The recent meeting of the American Society of Hematology took place in Atlanta, Georgia. It was a hybrid meeting, probably the largest of its kind since the onset of the pandemic, that included about 29,000 registrants, over 12,000 of whom attended the in-person meeting. The most notable feature of the meeting was that it took place under carefully developed protocols, allowing for in-person interaction among the attendees, while still supporting those who, by regulation or choice, were unable to attend.
Notable presentations included the impact of engineered cell therapy in the management of early-relapsed, or refractory nonHodgkin Lymphoma, establishing a new paradigm in the management of aggressive disease that may displace autologous transplant, the previous standard management tool. A group of international investigators conducted a phase 3 randomized trial of an autologous antiCD19 chimeric antigen receptor T-cell, axicabtagene ciloleucel, versus standard-of-care antineoplastic therapy and autologous hematopoietic transplant for patients with large B cell lymphoma refractory to, or relapsed within 12 months after initial chemoimmunotherapy. Patients assigned to the standard therapy could undergo CAR T-cell therapy off protocol. 359 patients were enrolled, most with disease refractory to initial therapy. After a median follow-up of two years, complete remission rates and the median event-free survival were significantly longer with axicabtagene therapy, and estimates of two-year event-free survival significantly were better for the group assigned to the engineered cell product. Grade 3 or greater adverse events and treatment-related deaths were similar in the two treatment arms. These favorable results were not confirmed, however, in another randomized trial of CAR-T cells, this time with the tisagenlecleucel product as compared to standard care for a similar group of patients. In the latter BELINDA study, about half the patients assigned to standard therapy crossed over to receive tisa-cel. A delay in receiving the tisacel infusions among those assigned to the investigational arm for 60-day response assessment, and the choice of platinum-based chemotherapy may have led to an equivalent event-free survival for the two groups.
Also of note were presentations of novel therapies for management of Sickle Cell Disease, and classical hemophilia.

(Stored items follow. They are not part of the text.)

lemma psd_complex_Re:
  assumes "finite C" "psd_complex C X"
  shows "psd_real C (\<lambda>a b. Re (X a b))"
proof -
  have form_Im: "Im (\<Sum>x\<in>C. \<Sum>y\<in>C. cnj (z x) * X x y * z y) = 0"
   and form_Re: "0 \<le> Re (\<Sum>x\<in>C. \<Sum>y\<in>C. cnj (z x) * X x y * z y)" for z
    using assms(2) unfolding psd_complex_def by blast+
  have diag: "Im (X c c) = 0" if "c \<in> C" for c
  proof -
    let ?z = "\<lambda>x. if x = c then 1 else 0 :: complex"
    have "(\<Sum>x\<in>C. \<Sum>y\<in>C. cnj (?z x) * X x y * ?z y) = X c c"
      by (subst double_sum_mono_neutral[where S="{c}"]) (use assms that in auto)
    then show ?thesis using form_Im[of ?z] by simp
  qed
  have off_diag: "Re (X a b) = Re (X b a)" if "a \<in> C" "b \<in> C" "a \<noteq> b" for a b
  proof -
    let ?z = "\<lambda>x. if x = a then 1 else if x = b then \<i> else 0 :: complex"
    have "Im (\<Sum>x\<in>C. \<Sum>y\<in>C. cnj (?z x) * X x y * ?z y)
        = Im (X a a) + Im (X b b) + Re (X a b) - Re (X b a)"
      by (subst double_sum_mono_neutral[where S="{a,b}"]) (use assms that in auto)
    then show ?thesis using form_Im[of ?z] diag that by simp
  qed
  show ?thesis
    unfolding psd_real_def
  proof (intro conjI ballI allI)
    fix a b
    assume "a \<in> C" "b \<in> C"
    then show "Re (X a b) = Re (X b a)"
      using off_diag by (cases "a = b") auto
  next
    fix z :: "'a \<Rightarrow> real"
    show "0 \<le> (\<Sum>a\<in>C. \<Sum>b\<in>C. z a * Re (X a b) * z b)"
      using form_Re[of "\<lambda>x. of_real (z x)"] by (simp add: Re_sum)
  qed
qed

In the ATLAS-INH trial, a group of international investigators reported results of a phase 3 study conducted to evaluate the efficacy and safety of a small inhibitory RNA molecule, Fitusiran, targeting antithrombin in order to restore thrombin generation and rebalance hemostasis in patients with hemophilia with inhibitors. Patients randomized to the control arm received on-demand bypassing agents. Efficacy of Fitusiran prophylaxis treatment was achieved for primary and all secondary endpoints in both hemophilia A and hemophilia B patients demonstrating the efficacy of monthly subcutaneous prophylaxis with fitusiran in preventing hemorrhage.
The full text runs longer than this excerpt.